● Try it
Nothing but the lines below between the line holding "k + of_nat j = 1" and the line holding "by (simp flip: power_mult_distrib)", inclusive, should appear in the answer, each set down exactly.

··········

text \<open>By the duplication formula, the lower parameters \<open>1/2 + k + a \<plusminus> b\<close> of the right-hand side
  split into the lower parameters \<open>B1\<close>, \<open>B2\<close> of the \<open>\<^sub>4F\<^sub>3\<close>.\<close>

lemma saalschuetz_factor_eq_Q_factor:
  fixes k n j :: nat and a b :: complex
  defines "N \<equiv> n div 2" and "L \<equiv> n - n div 2"
    and "B1 \<equiv> 3/4 + of_nat k / 2 + a/2 + b/2" and "B2 \<equiv> 3/4 + of_nat k / 2 + a/2 - b/2"
    and "q \<equiv> 1/4 - of_nat k / 2 + a/2 - b/2" and "w \<equiv> 1/4 - of_nat k / 2 + a/2 + b/2"
    and "P1 \<equiv> pochhammer (1/2 + of_nat k + a + b) n" and "P2 \<equiv> pochhammer (1/2 + of_nat k + a - b) n"
    and "Pu \<equiv> pochhammer (u3 k a b) k" and "Pv \<equiv> pochhammer (v3 k a b) k"
  assumes nonzero: "P1 \<noteq> 0" "P2 \<noteq> 0" "Pu * Pv \<noteq> 0"
    and j: "j \<le> N" "j \<le> k"
  shows "(-1)^(N - j) * pochhammer (B1 - (1/2 - of_nat L)) (N - j)
           * pochhammer (B1 - (a + of_nat n) - of_nat k + of_nat j) (N - j)
           / (pochhammer B1 N * pochhammer B2 N) / 4^n
       = pochhammer q n * pochhammer w n / (P1 * P2 * Pu * Pv)
           * (pochhammer (u3 k a b - of_nat n + of_nat j) (k - j) * pochhammer (v3 k a b - of_nat n + of_nat j) (k - j))"
proof -
  have NL: "N + L = n"
    by (simp add: N_def L_def)
  have P1: "P1 = 2^n * pochhammer (w + of_nat k) L * pochhammer B1 N"
  proof -
    have "P1 = pochhammer (2 * (w + of_nat k)) n"
      by (simp add: P1_def w_def algebra_simps)
    also have "\<dots> = 2^n * pochhammer (w + of_nat k) L * pochhammer B1 N"
      unfolding pochhammer_double' by (simp add: L_def N_def w_def B1_def algebra_simps)
    finally show ?thesis .
  qed
  have P2: "P2 = 2^n * pochhammer (q + of_nat k) L * pochhammer B2 N"
  proof -
    have "P2 = pochhammer (2 * (q + of_nat k)) n"
      by (simp add: P2_def q_def algebra_simps)
    also have "\<dots> = 2^n * pochhammer (q + of_nat k) L * pochhammer B2 N"
      unfolding pochhammer_double' by (simp add: L_def N_def q_def B2_def algebra_simps)
    finally show ?thesis .
  qed
  have u: "u3 k a b = 1 - q - of_nat k" and v: "v3 k a b = 1 - w - of_nat k"
    by (simp_all add: u3_def v3_def q_def w_def algebra_simps)
  have e: "B1 - (1/2 - of_nat L) = w + of_nat k + of_nat L"
    "B1 - (a + of_nat n) - of_nat k + of_nat j = 1 - q - of_nat k - of_nat n + of_nat j"
    "u3 k a b - of_nat n + of_nat j = 1 - q - of_nat k - of_nat n + of_nat j"
    "v3 k a b - of_nat n + of_nat j = 1 - w - of_nat k - of_nat n + of_nat j"
    by (simp_all add: B1_def w_def q_def u v algebra_simps)
  have four: "(4::complex)^n = 2^n * 2^n"
    by (simp flip: power_mult_distrib)
  have nz: "pochhammer B1 N \<noteq> 0" "pochhammer B2 N \<noteq> 0"
    "pochhammer (w + of_nat k) L \<noteq> 0" "pochhammer (q + of_nat k) L \<noteq> 0"
    "pochhammer (1 - q - of_nat k) k \<noteq> 0" "pochhammer (1 - w - of_nat k) k \<noteq> 0"
    using nonzero by (auto simp: P1 P2 Pu_def Pv_def u v)
  have "(-1)^(N - j) * pochhammer (w + of_nat k + of_nat L) (N - j)
           * pochhammer (1 - q - of_nat k - of_nat n + of_nat j) (N - j)
           / (pochhammer B1 N * pochhammer B2 N) / 4^n
      = ((-1)^(N - j) * pochhammer (w + of_nat k + of_nat L) (N - j)
           * pochhammer (1 - q - of_nat k - of_nat n + of_nat j) (N - j)
           * pochhammer (w + of_nat k) L * pochhammer (q + of_nat k) L
           * pochhammer (1 - q - of_nat k) k * pochhammer (1 - w - of_nat k) k)
        / (4^n * pochhammer B1 N * pochhammer B2 N * pochhammer (w + of_nat k) L * pochhammer (q + of_nat k) L
           * pochhammer (1 - q - of_nat k) k * pochhammer (1 - w - of_nat k) k)"
    using nz by (simp add: field_simps)
  also have "\<dots> = pochhammer q n * pochhammer w n * pochhammer (1 - q - of_nat k - of_nat n + of_nat j) (k - j)
           * pochhammer (1 - w - of_nat k - of_nat n + of_nat j) (k - j)
        / (4^n * pochhammer B1 N * pochhammer B2 N * pochhammer (w + of_nat k) L * pochhammer (q + of_nat k) L
           * pochhammer (1 - q - of_nat k) k * pochhammer (1 - w - of_nat k) k)"
    unfolding pochhammer_regroup_Q_factor[OF NL j] ..
  finally show ?thesis
    unfolding e P1 P2 Pu_def Pv_def u v four using nz by (simp add: field_simps)
qed

definition upper_params :: "nat \<Rightarrow> complex \<Rightarrow> complex \<Rightarrow> complex list" where
  "upper_params k a d = [a/3, 1/3 + a/3, 2/3 + a/3, of_nat k + d]"

definition lower_params :: "nat \<Rightarrow> complex \<Rightarrow> complex \<Rightarrow> complex \<Rightarrow> complex list" where
  "lower_params k a b d = [3/4 + of_nat k / 2 + a/2 + b/2, 3/4 + of_nat k / 2 + a/2 - b/2, d]"

text \<open>The coefficient of \<open>x\<^sup>n\<close> in \<open>(1 - x/4)\<^sup>-\<^sup>a\<close> times the \<open>\<^sub>4F\<^sub>3\<close>: its \<open>m\<close>-th term
  contributes \<open>(27/64)\<^sup>m x\<^sup>2\<^sup>m (1 - x/4)\<^sup>-\<^sup>3\<^sup>m\<^sup>-\<^sup>a\<close>, expanded by the binomial series.\<close>

definition expansion_coeff :: "nat \<Rightarrow> complex \<Rightarrow> complex \<Rightarrow> complex \<Rightarrow> nat \<Rightarrow> complex" where
  "expansion_coeff k a b d n =
     (\<Sum>m\<le>n div 2. hyp_coeff (upper_params k a d) (lower_params k a b d) m * (27/64)^m
        * (pochhammer (of_nat (3 * m) + a) (n - 2 * m) / fact (n - 2 * m) / 4^(n - 2 * m)))"

lemma expansion_coeff_eq_4F3:
  fixes k n :: nat and a b d :: complex
  defines "N \<equiv> n div 2" and "L \<equiv> n - n div 2"
  shows "expansion_coeff k a b d n = pochhammer a n / (fact n * 4^n) *
     (\<Sum>m\<le>N. pochhammer (- of_nat N) m * pochhammer (1/2 - of_nat L) m * pochhammer (a + of_nat n) m
        * pochhammer (d + of_nat k) m
        / (fact m * pochhammer (3/4 + of_nat k / 2 + a/2 + b/2) m * pochhammer (3/4 + of_nat k / 2 + a/2 - b/2) m
           * pochhammer d m))"
  unfolding expansion_coeff_def sum_distrib_left N_def
proof (intro sum.cong refl)
  fix m assume "m \<in> {..n div 2}"
  then have "2 * m \<le> n" by simp
  define den where "den = fact m * pochhammer (3/4 + of_nat k / 2 + a/2 + b/2) m
      * pochhammer (3/4 + of_nat k / 2 + a/2 - b/2) m * pochhammer d m"
  have "hyp_coeff (upper_params k a d) (lower_params k a b d) m
      = pochhammer (d + of_nat k) m / den * (pochhammer (a/3) m * pochhammer (1/3 + a/3) m * pochhammer (2/3 + a/3) m)"
    by (simp add: hyp_coeff_def upper_params_def lower_params_def den_def add.commute mult_ac times_divide_eq_left)
  then have "hyp_coeff (upper_params k a d) (lower_params k a b d) m * (27/64)^m
        * (pochhammer (of_nat (3 * m) + a) (n - 2 * m) / fact (n - 2 * m) / 4^(n - 2 * m))
      = pochhammer (d + of_nat k) m / den * (pochhammer (a/3) m * pochhammer (1/3 + a/3) m * pochhammer (2/3 + a/3) m
          * (27/64)^m * (pochhammer (of_nat (3 * m) + a) (n - 2 * m) / fact (n - 2 * m) / 4^(n - 2 * m)))"
    by (simp only: mult.assoc)
  also have "\<dots> = pochhammer (d + of_nat k) m / den * (pochhammer a n / (fact n * 4^n)
           * (pochhammer (- of_nat n / 2) m * pochhammer (- of_nat n / 2 + 1/2) m * pochhammer (a + of_nat n) m))"
    unfolding pochhammer_triple_binomial_term[OF \<open>2 * m \<le> n\<close>] ..
  finally show "hyp_coeff (upper_params k a d) (lower_params k a b d) m * (27/64)^m
        * (pochhammer (of_nat (3 * m) + a) (n - 2 * m) / fact (n - 2 * m) / 4^(n - 2 * m))
      = pochhammer a n / (fact n * 4^n) *
        (pochhammer (- of_nat (n div 2)) m * pochhammer (1/2 - of_nat L) m * pochhammer (a + of_nat n) m
         * pochhammer (d + of_nat k) m
         / (fact m * pochhammer (3/4 + of_nat k / 2 + a/2 + b/2) m * pochhammer (3/4 + of_nat k / 2 + a/2 - b/2) m
            * pochhammer d m))"
    unfolding L_def pochhammer_half_pair den_def by (simp add: mult_ac times_divide_eq_left)
qed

··········

● Answer section
    "B1 - (a + of_nat n) - of_nat k + of_nat j = 1 - q - of_nat k - of_nat n + of_nat j"
    "u3 k a b - of_nat n + of_nat j = 1 - q - of_nat k - of_nat n + of_nat j"
    "v3 k a b - of_nat n + of_nat j = 1 - w - of_nat k - of_nat n + of_nat j"
    by (simp_all add: B1_def w_def q_def u v algebra_simps)
  have four: "(4::complex)^n = 2^n * 2^n"
    by (simp flip: power_mult_distrib)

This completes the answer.